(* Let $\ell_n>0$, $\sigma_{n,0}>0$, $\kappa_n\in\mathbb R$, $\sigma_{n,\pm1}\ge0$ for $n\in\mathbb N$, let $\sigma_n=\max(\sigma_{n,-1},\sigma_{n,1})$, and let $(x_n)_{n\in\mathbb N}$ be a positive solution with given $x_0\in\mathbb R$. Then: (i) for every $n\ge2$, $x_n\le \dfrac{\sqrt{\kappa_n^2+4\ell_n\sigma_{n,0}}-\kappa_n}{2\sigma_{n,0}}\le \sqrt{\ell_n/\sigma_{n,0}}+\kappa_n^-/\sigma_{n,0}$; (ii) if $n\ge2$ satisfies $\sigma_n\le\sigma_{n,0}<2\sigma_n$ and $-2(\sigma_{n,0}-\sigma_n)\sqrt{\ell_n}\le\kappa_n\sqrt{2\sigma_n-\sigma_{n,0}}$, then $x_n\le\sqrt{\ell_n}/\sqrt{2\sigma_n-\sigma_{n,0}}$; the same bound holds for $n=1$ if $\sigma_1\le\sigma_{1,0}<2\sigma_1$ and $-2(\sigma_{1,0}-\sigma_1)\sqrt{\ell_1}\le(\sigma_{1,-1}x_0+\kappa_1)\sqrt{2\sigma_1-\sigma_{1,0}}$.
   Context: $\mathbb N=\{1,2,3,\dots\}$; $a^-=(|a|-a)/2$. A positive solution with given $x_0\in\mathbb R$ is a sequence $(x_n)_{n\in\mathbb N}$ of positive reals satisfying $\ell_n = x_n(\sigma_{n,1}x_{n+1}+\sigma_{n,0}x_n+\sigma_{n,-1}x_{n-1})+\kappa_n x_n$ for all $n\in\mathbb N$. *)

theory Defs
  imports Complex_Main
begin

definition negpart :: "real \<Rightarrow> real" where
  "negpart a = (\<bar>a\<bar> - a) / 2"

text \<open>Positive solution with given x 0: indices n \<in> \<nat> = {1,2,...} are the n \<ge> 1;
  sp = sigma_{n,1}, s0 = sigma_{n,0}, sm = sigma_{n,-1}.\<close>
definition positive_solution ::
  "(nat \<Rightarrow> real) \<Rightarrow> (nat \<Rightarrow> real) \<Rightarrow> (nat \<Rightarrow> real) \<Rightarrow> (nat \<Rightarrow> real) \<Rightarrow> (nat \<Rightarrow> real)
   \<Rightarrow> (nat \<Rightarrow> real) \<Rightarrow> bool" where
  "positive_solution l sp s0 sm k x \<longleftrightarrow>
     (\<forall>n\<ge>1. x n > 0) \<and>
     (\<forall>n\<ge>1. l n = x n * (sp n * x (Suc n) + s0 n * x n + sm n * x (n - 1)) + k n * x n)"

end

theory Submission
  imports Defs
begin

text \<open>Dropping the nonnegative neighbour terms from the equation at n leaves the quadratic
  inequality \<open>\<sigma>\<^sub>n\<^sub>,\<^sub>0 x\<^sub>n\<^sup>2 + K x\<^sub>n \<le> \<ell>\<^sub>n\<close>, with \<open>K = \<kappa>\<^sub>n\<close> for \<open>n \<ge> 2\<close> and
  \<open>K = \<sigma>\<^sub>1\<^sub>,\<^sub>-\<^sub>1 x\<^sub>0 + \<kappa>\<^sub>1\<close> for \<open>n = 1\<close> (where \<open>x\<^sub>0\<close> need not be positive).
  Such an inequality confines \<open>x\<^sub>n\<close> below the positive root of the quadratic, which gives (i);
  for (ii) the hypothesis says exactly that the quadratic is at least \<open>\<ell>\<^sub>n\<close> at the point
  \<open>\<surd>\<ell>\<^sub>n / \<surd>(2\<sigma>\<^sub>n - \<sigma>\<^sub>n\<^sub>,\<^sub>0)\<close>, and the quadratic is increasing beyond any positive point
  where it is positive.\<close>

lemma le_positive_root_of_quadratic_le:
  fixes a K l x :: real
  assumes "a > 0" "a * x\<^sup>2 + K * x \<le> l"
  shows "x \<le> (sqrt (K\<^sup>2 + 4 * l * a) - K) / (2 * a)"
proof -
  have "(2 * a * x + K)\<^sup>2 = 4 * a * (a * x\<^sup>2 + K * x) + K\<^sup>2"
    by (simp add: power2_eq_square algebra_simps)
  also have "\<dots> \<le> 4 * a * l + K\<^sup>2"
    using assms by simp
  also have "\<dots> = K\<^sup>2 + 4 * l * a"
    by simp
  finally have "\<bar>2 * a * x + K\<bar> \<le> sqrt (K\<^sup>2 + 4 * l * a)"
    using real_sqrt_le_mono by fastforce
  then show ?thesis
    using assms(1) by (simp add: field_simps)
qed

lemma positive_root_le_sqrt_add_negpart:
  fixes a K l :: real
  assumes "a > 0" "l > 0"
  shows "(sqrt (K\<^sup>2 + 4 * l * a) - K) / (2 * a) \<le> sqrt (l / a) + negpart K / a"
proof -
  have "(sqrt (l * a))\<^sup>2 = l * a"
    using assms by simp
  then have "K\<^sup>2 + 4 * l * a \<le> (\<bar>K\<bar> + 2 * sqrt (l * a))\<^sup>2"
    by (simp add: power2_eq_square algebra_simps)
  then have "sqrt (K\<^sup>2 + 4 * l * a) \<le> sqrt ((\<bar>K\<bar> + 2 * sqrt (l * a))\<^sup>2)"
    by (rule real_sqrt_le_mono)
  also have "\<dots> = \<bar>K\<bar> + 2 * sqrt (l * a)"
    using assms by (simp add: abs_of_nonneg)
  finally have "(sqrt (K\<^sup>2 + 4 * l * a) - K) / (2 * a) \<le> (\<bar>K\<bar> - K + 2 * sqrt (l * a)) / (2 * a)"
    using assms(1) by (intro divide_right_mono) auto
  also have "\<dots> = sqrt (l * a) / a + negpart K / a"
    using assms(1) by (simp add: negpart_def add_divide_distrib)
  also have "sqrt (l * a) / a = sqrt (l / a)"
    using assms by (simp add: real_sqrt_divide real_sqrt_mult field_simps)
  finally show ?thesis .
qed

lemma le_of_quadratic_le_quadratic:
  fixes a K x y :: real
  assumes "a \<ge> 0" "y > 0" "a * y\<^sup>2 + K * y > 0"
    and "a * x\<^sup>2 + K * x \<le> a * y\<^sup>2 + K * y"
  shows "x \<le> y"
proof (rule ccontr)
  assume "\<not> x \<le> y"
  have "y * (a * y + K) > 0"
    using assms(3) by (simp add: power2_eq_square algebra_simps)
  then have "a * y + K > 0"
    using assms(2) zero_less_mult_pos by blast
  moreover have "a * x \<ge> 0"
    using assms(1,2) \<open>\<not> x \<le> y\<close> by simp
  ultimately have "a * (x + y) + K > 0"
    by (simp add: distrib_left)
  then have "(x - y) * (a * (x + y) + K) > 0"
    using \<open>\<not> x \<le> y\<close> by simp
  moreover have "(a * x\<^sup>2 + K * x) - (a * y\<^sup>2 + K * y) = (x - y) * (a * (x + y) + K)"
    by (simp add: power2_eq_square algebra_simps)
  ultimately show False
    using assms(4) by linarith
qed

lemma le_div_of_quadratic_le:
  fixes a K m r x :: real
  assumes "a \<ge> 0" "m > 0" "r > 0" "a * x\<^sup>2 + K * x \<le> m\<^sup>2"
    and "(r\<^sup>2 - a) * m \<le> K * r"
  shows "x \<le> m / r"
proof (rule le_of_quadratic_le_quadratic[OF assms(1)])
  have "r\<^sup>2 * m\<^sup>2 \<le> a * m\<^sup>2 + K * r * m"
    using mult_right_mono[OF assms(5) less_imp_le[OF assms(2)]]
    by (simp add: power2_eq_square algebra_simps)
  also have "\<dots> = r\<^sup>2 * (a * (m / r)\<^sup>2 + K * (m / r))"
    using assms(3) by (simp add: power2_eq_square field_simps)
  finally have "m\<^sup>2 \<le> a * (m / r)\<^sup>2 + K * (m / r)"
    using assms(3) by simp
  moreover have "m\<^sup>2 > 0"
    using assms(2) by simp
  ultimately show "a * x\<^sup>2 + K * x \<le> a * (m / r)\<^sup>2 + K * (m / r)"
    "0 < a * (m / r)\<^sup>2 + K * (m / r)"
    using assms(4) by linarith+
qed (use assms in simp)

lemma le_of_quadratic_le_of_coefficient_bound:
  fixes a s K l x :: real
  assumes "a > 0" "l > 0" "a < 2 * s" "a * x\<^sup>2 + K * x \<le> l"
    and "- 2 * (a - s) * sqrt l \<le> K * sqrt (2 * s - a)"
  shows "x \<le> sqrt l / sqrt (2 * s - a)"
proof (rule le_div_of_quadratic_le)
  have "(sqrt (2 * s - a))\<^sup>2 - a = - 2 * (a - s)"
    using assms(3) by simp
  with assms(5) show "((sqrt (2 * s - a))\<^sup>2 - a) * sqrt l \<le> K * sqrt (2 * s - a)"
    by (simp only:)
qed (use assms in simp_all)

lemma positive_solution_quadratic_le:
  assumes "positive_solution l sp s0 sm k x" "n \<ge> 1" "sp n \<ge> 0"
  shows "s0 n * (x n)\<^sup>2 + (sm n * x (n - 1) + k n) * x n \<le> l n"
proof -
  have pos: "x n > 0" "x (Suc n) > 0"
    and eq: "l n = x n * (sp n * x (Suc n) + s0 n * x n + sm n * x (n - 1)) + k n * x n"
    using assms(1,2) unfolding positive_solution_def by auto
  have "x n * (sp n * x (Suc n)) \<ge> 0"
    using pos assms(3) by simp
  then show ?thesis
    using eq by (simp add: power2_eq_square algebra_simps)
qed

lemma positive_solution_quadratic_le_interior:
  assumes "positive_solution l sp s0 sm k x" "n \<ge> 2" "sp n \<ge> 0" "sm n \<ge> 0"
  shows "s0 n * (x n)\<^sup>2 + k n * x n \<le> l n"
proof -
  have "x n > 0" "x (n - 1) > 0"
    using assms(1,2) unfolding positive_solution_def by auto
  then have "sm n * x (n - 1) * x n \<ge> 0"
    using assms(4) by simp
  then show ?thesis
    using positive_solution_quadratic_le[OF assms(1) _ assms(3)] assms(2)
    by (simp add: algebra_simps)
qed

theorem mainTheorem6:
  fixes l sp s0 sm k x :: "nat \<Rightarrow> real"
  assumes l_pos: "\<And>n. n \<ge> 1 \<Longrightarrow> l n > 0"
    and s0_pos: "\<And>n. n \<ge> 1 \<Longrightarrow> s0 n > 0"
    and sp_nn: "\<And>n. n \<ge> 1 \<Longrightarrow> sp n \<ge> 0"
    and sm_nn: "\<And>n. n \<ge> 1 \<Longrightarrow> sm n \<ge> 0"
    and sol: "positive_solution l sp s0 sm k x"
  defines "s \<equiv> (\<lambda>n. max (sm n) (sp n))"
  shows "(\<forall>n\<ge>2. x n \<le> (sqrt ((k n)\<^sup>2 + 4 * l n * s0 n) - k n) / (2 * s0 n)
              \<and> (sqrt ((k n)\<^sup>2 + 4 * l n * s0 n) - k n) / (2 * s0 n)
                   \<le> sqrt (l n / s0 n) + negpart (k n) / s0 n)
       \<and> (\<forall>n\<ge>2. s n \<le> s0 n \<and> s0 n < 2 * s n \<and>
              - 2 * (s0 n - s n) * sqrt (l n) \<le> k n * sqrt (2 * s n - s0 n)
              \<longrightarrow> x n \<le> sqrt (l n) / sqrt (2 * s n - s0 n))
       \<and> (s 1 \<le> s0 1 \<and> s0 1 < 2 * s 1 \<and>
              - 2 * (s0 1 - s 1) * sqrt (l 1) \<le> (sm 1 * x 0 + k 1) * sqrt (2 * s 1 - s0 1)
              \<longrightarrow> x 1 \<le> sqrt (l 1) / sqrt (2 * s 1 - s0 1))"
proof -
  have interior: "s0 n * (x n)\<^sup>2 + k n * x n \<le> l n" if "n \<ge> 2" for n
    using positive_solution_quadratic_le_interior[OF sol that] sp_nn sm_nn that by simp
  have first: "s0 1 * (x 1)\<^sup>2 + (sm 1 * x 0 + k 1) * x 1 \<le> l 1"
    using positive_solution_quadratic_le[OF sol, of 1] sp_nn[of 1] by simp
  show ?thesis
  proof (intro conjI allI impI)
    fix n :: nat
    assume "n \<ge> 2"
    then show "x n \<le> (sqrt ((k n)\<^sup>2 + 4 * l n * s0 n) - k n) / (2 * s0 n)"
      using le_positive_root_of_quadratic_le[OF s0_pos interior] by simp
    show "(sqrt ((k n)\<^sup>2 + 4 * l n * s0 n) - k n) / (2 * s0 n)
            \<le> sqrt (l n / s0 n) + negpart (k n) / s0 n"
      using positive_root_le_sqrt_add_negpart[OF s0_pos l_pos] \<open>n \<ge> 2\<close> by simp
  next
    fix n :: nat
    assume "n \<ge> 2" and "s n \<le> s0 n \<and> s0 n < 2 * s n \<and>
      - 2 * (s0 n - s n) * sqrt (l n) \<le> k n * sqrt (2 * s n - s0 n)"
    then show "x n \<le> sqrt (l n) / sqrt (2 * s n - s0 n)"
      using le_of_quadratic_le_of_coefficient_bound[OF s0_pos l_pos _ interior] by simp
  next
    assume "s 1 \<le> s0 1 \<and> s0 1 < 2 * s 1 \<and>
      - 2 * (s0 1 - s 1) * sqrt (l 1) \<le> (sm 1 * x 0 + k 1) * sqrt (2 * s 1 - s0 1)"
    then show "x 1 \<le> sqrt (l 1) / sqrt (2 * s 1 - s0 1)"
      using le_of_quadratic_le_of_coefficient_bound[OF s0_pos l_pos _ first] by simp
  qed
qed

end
──────
◆ WHAT IS NEEDED ◆
Reproduce only what lies between the start of the listing above and the end of the line containing "for \<open>n \<ge> 2\<close> and", keeping every line exact.

◆ REPLY ◆
(* Let $\ell_n>0$, $\sigma_{n,0}>0$, $\kappa_n\in\mathbb R$, $\sigma_{n,\pm1}\ge0$ for $n\in\mathbb N$, let $\sigma_n=\max(\sigma_{n,-1},\sigma_{n,1})$, and let $(x_n)_{n\in\mathbb N}$ be a positive solution with given $x_0\in\mathbb R$. Then: (i) for every $n\ge2$, $x_n\le \dfrac{\sqrt{\kappa_n^2+4\ell_n\sigma_{n,0}}-\kappa_n}{2\sigma_{n,0}}\le \sqrt{\ell_n/\sigma_{n,0}}+\kappa_n^-/\sigma_{n,0}$; (ii) if $n\ge2$ satisfies $\sigma_n\le\sigma_{n,0}<2\sigma_n$ and $-2(\sigma_{n,0}-\sigma_n)\sqrt{\ell_n}\le\kappa_n\sqrt{2\sigma_n-\sigma_{n,0}}$, then $x_n\le\sqrt{\ell_n}/\sqrt{2\sigma_n-\sigma_{n,0}}$; the same bound holds for $n=1$ if $\sigma_1\le\sigma_{1,0}<2\sigma_1$ and $-2(\sigma_{1,0}-\sigma_1)\sqrt{\ell_1}\le(\sigma_{1,-1}x_0+\kappa_1)\sqrt{2\sigma_1-\sigma_{1,0}}$.
   Context: $\mathbb N=\{1,2,3,\dots\}$; $a^-=(|a|-a)/2$. A positive solution with given $x_0\in\mathbb R$ is a sequence $(x_n)_{n\in\mathbb N}$ of positive reals satisfying $\ell_n = x_n(\sigma_{n,1}x_{n+1}+\sigma_{n,0}x_n+\sigma_{n,-1}x_{n-1})+\kappa_n x_n$ for all $n\in\mathbb N$. *)

theory Defs
  imports Complex_Main
begin

definition negpart :: "real \<Rightarrow> real" where
  "negpart a = (\<bar>a\<bar> - a) / 2"

text \<open>Positive solution with given x 0: indices n \<in> \<nat> = {1,2,...} are the n \<ge> 1;
  sp = sigma_{n,1}, s0 = sigma_{n,0}, sm = sigma_{n,-1}.\<close>
definition positive_solution ::
  "(nat \<Rightarrow> real) \<Rightarrow> (nat \<Rightarrow> real) \<Rightarrow> (nat \<Rightarrow> real) \<Rightarrow> (nat \<Rightarrow> real) \<Rightarrow> (nat \<Rightarrow> real)
   \<Rightarrow> (nat \<Rightarrow> real) \<Rightarrow> bool" where
  "positive_solution l sp s0 sm k x \<longleftrightarrow>
     (\<forall>n\<ge>1. x n > 0) \<and>
     (\<forall>n\<ge>1. l n = x n * (sp n * x (Suc n) + s0 n * x n + sm n * x (n - 1)) + k n * x n)"

end

theory Submission
  imports Defs
begin

text \<open>Dropping the nonnegative neighbour terms from the equation at n leaves the quadratic
  inequality \<open>\<sigma>\<^sub>n\<^sub>,\<^sub>0 x\<^sub>n\<^sup>2 + K x\<^sub>n \<le> \<ell>\<^sub>n\<close>, with \<open>K = \<kappa>\<^sub>n\<close> for \<open>n \<ge> 2\<close> and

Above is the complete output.